Edge of the Light

We have now ‘moved’–at least, we are in transition, having sold our home, packed the container (God bless the guys who filled it from top to bottom, front to back-dunno how they did it!!!)… car’s just arrived in port, we are staying with friends in California through the holidays in a ‘recovery’ mode, and trying to process this VERY HUGE shift in our world!

During the tumult and chaos of this unprecedented change from 17 years of momentum in one place, from a quiet space of an island, from the comfort that is a pretty narrow world, a few friends who understood what we were doing, (even when we didn’t) coached us through some of the weirdness that is such tumultuous change. One sent me a quote I hope to never lose touch with as it is so very appropos to our lives right now:

When we walk to the edge of all the light we have…

and take that step into the darkness of the unknonwn,

We must believe that one of two things will happen…..

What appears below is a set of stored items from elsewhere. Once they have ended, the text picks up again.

(* Let $q=2^f$ with $f\ge4$, let $q_0<q$ be a power of $2$ with $\gcd(q-1,q_0^2-1)=1$, and let $u\in\mathscr{U}_{q,q_0}$. The only automorphism of $\Gamma_u$ that fixes every vertex of $\{\varepsilon\}\cup\Omega_\infty$ is the identity.
   Context: For $a,c\in\mathbb{F}_q$ let $\Phi_{a,c}=\begin{bmatrix}1&0&0\\ a&1&0\\ c&a^{q_0}&1\end{bmatrix}$, $K=\{\Phi_{a,c}: a,c\in\mathbb{F}_q\}\le GL(3,\mathbb{F}_q)$ with identity $\varepsilon=\Phi_{0,0}$; $\Omega_\infty=\{\Phi_{0,c}:c\in\mathbb{F}_q^*\}$ and for $v\in\mathbb{F}_q$, $\Omega_v=\{\Phi_{a,va^{q_0+1}}: a\in\mathbb{F}_q^*\}$. $\Gamma_u=\mathrm{Cay}(K,\Omega_u\cup\Omega_{u+1})$ is the graph with vertex set $K$, $x,y$ adjacent iff $xy^{-1}\in\Omega_u\cup\Omega_{u+1}$. $\mathscr{U}_{q,q_0}$ is the set of $u\in\mathbb{F}_q$ such that (U1) $u=(1+\eta^{q_0})/(\eta+\eta^{q_0})$ for some primitive element $\eta$ of $\mathbb{F}_q$, and (U2) $X^{q_0+1}+uX^{q_0}+(u+1)X+1$ has no roots in $\mathbb{F}_q$. *)

theory Defs
  imports "HOL-Analysis.Analysis"
begin

definition Phi :: "nat \<Rightarrow> 'a::field \<Rightarrow> 'a \<Rightarrow> 'a^3^3" where
  "Phi q0 a c = vector [vector [1, 0, 0], vector [a, 1, 0], vector [c, a ^ q0, 1]]"

definition Kgrp :: "nat \<Rightarrow> (('a::field)^3^3) set" where
  "Kgrp q0 = {Phi q0 a c | a c. True}"
theorem lemma2p2:
  fixes k :: nat and d :: "int \<times> int \<Rightarrow> real" and a b t q :: real
    and x y F G :: "complex \<Rightarrow> complex"
  defines "S \<equiv> stepset k"
  defines "A \<equiv> 1 - 1 / a" and "B \<equiv> 1 - 1 / b"
  defines "\<omega> \<equiv> complex_of_real (1 - A - B)"
  defines "\<gamma>1 \<equiv> (\<lambda>s. complex_of_real A / x s - complex_of_real (t * d (1,-1)) / y s)"
  defines "\<gamma>2 \<equiv> (\<lambda>s. complex_of_real B / y s - complex_of_real (t * d (-1,1)) / x s)"
  defines "\<gamma> \<equiv> (\<lambda>s. \<gamma>1 s / \<gamma>2 s)"
  defines "f \<equiv> (\<lambda>s. (F s + F (1 / s)) / 2)"
  defines "g \<equiv> (\<lambda>s. (G s + G (complex_of_real q / s)) / 2)"
  defines "fh \<equiv> (\<lambda>s. (F s - F (1 / s)) / 2)"
  defines "gh \<equiv> (\<lambda>s. (G s - G (complex_of_real q / s)) / 2)"
  assumes k: "k \<in> {1..5}"
    and d_pos: "\<forall>v\<in>S. d v > 0"
    and a_pos: "a > 0" and b_pos: "b > 0"
    and t_pos: "t > 0"
    and t_transc: "transcendental_over (gen_field (d ` S \<union> {a, b})) t"
    and conv: "\<forall>X Y :: complex. norm X < 1 \<longrightarrow> norm Y < 1 \<longrightarrow>
          (\<lambda>(n, i, j). norm (complex_of_real (wcount S d a b n (int i) (int j) * t ^ n)
                               * X ^ i * Y ^ j)) summable_on UNIV"
    and q_nonroot: "\<forall>n::nat. n > 0 \<longrightarrow> q ^ n \<noteq> 1"
    \<comment> \<open>the rational parametrization s \<mapsto> (x(s), y(s)) of the kernel curve\<close>
    and x_rat: "is_ratfun x" and y_rat: "is_ratfun y"
    and on_curve: "\<forall>\<^sub>F s in cofinite. kernel_poly S d t (x s) (y s) = 0"
    and onto_curve: "\<forall>X Y. kernel_poly S d t X Y = 0 \<longrightarrow>
          (\<exists>s. isCont x s \<and> isCont y s \<and> x s = X \<and> y s = Y)"
    and generic_inj: "\<forall>\<^sub>F s in cofinite. \<forall>s'. isCont x s' \<and> isCont y s' \<and>
          x s' = x s \<and> y s' = y s \<longrightarrow> s' = s"
    and x_0: "(x \<longlongrightarrow> 0) (at 0)" and y_0: "(y \<longlongrightarrow> 0) (at 0)"
    and x_inf: "(x \<longlongrightarrow> 0) at_infinity" and y_inf: "(y \<longlongrightarrow> 0) at_infinity"
    and x_inv: "\<forall>\<^sub>F s in cofinite. x (1 / s) = x s"
    and y_inv: "\<forall>\<^sub>F s in cofinite. y (complex_of_real q / s) = y s"
    \<comment> \<open>F, G: continuations of x(s)Q(x(s),0), y(s)Q(0,y(s)), assumed rational\<close>
    and F_rat: "is_ratfun F" and G_rat: "is_ratfun G"
    and F_cont: "\<forall>\<^sub>F s in at 0. F s = x s * Qx0 S d a b t (x s)"
    and G_cont: "\<forall>\<^sub>F s in at 0. G s = y s * Q0y S d a b t (y s)"
    and FG_eq: "\<forall>\<^sub>F s in cofinite. \<gamma>1 s * F s + \<gamma>2 s * G s + \<omega> = 0"
    and F_qdiff: "\<forall>\<^sub>F s in cofinite.
          F (s / complex_of_real q) = \<gamma> s / \<gamma> (complex_of_real q / s) * F s
            + (\<omega> / \<gamma>2 s - \<omega> / \<gamma>2 (complex_of_real q / s)) / \<gamma> (complex_of_real q / s)"
  shows "((\<forall>\<^sub>F s in cofinite. \<gamma>1 s * f s + \<gamma>2 s * g s + \<omega> = 0)
           \<and> (\<forall>\<^sub>F s in cofinite. f (1 / s) = f s)
           \<and> (\<forall>\<^sub>F s in cofinite. g (complex_of_real q / s) = g s))
       \<and> ((\<forall>\<^sub>F s in cofinite. \<gamma>1 s * fh s + \<gamma>2 s * gh s = 0)
           \<and> (\<forall>\<^sub>F s in cofinite. fh (1 / s) = - fh s)
           \<and> (\<forall>\<^sub>F s in cofinite. gh (complex_of_real q / s) = - gh s))"
proof -
  let ?q = "complex_of_real q"
  have on_S: "(1,-1) \<in> S" "(-1,1) \<in> S"
    using k by (auto simp: S_def stepset_def)
  then have d_nonzero: "d (1,-1) \<noteq> 0" "d (-1,1) \<noteq> 0"
    using d_pos by force+
  let ?K = "gen_field (d ` S \<union> {a, b})"
  have in_K: "A \<in> ?K" "B \<in> ?K" "d (1,-1) \<in> ?K" "d (-1,1) \<in> ?K"
    using on_S by (auto simp: A_def B_def intro: gen_base gen_field_diff gen_field_divide gen_field_one)
  from on_curve obtain c01 c10 c11 where kernel: "\<forall>\<^sub>F s in cofinite.
      kernel_form (of_real t) (of_real (d (1,-1))) (of_real (d (-1,1))) c01 c10 c11 (x s) (y s) = 0"
    unfolding S_def kernel_poly_stepset[OF k] by blast
  have nonconstant: "x \<noteq> (\<lambda>_. 0) \<or> y \<noteq> (\<lambda>_. 0)"
    by (rule generically_injective_nonconstant[OF generic_inj])
  note nondegenerate = kernel_param_nondegenerate[OF x_rat y_rat x_0 y_0 nonconstant kernel t_transc in_K]
  have \<gamma>1_nz: "\<forall>\<^sub>F s in cofinite. \<gamma>1 s \<noteq> 0" and \<gamma>2_nz: "\<forall>\<^sub>F s in cofinite. \<gamma>2 s \<noteq> 0"
    unfolding \<gamma>1_def \<gamma>2_def using nondegenerate(3,4) t_pos d_nonzero by simp_all
  have q_nz: "?q \<noteq> 0"
    using divide_invariant_imp_nonzero[OF y_0 nondegenerate(2) y_inv] t_pos d_nonzero by simp
  have reflected: "\<forall>\<^sub>F s in cofinite. \<gamma>1 s * F (1 / s) + \<gamma>2 s * G (?q / s) + \<omega> = 0"
    by (rule functional_equation_reflect[OF q_nz FG_eq F_qdiff[unfolded \<gamma>_def] \<gamma>1_nz \<gamma>2_nz])
  have "\<forall>\<^sub>F s in cofinite. \<gamma>1 s * f s + \<gamma>2 s * g s + \<omega> = 0 \<and> \<gamma>1 s * fh s + \<gamma>2 s * gh s = 0"
    using FG_eq reflected
    by eventually_elim (simp only: f_def g_def fh_def gh_def half_sum_and_half_difference_of_solutions)
  moreover have "f (1 / s) = f s" "g (?q / s) = g s" "fh (1 / s) = - fh s" "gh (?q / s) = - gh s" for s
    using q_nz by (simp_all add: f_def g_def fh_def gh_def add.commute minus_divide_left)
  ultimately show ?thesis by (auto elim: eventually_mono)
qed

There will be something solid for us to stand on…

Or…..

We will be taught how to fly.

~ Tom Teller~

Causing Chaos

I’m not used to being the cause of “chaos.”

I’m used to being the organizer, the director, the conductor, putting the pieces together from all over the island and islands, getting it all harmonious.

Instead, I’ve “caused” chaos in our home, in my husband’s heart, in my dogs’ lives, and therefore, in my own heart. I truly know deep inside, from my Inner Voice (granted, it’s gotten very small amidst all of the tumult), that there is a Miracle just over the rainbow that leads from this tumult to rest and renewal.

Yet still, in the moment, I feel my husband’s grieving, I feel my dogs’ anxiety about what could possibly be happening to the only home they’ve known for 10 of their 10.5 years, and I feel my own chagrin and despair at being the instigating “cause.” Yes, my husband went along, as good-naturedly as he could, and still, as the days draw closer to our end-times here on Maui, the stress and grief comes to each of us in our own ways.

Of course, it is made harder by those who wonder aloud, “How could ANYONE leave Maui?” It IS, after all, Paradise for so many and so many work much of their lives to achieve the dream of living here. I cannot yet put into words on this blog what happened for me, personally, but perhaps one day the words will come and I can tell my story.

For now, I know that I was compelled, initially by emotional reaction to horrifying vocational circumstances, to rethink the direction of my life. Then, as that carpet was pulled out from under me, I saw much that I’d been sweeping under it for some years now. And The Voice spoke within that it was time for a new dream, new opportunities, new options, more access.

I Pray, prostrate to God, that the Humility I have gained this year stays with me and that my Faith equal it and I come to know the purpose in all of this tumult; the purpose that was mine in causing chaos.

God Is Using the Rolling Pin on Me!

A Friend, Carol Ann, wrote to me: “Even though my Higher Self knew full well the absolute truth about it all and the wonderful Divine Plan unfolding before our very eyes, by DETACHING FROM EVERYTHING of our past the outer self still has to grow into that consciousness, it seems.  All the while the Higher Self is thrilled to let go of the old so we can accept like a flowing river ~ all our Presence has waiting for us in a much, much higher vibration in our life.”

How that reverberates with me at this time!  God is really trying to use a rolling pin on all of my ideas and my feelings, and everything! Stretching me as far as the dough will go–hopefully no holes will appear in this creation of His!

Releasing

I just had to start this blog! We have begun a very moving process…. we are releasing our life of 16+ years on Maui, Hawaii…

It has been a very trying process…. and a very educational process.

We call it our unraveling.

We call it releasing.

We call it decluttering.

We call it lightening our load.

Many things to call it…yet no matter what, it’s a most intense process!

I thought that maybe if I wrote about it, there might be others who, too, have done such unraveling and wish to share their experiences; we shall see.

We recognize that in the releasing of our jobs, our home (hopefully soon), our vehicles, much of our furniture we’ve had ‘forever’, that we are unraveling tightly wound up strands of our lives here.

What we are learning is to not get so caught up in the unraveling that we forget about the rebuilding that is to come…ahhhhh, now that is truly the secret to keeping one’s wits about oneself during the sometimes-exhilarating, sometimes-startling, sometimes-horrifying emotions of the releasing that comes from calling it quits in one place and aiming for somewhere new.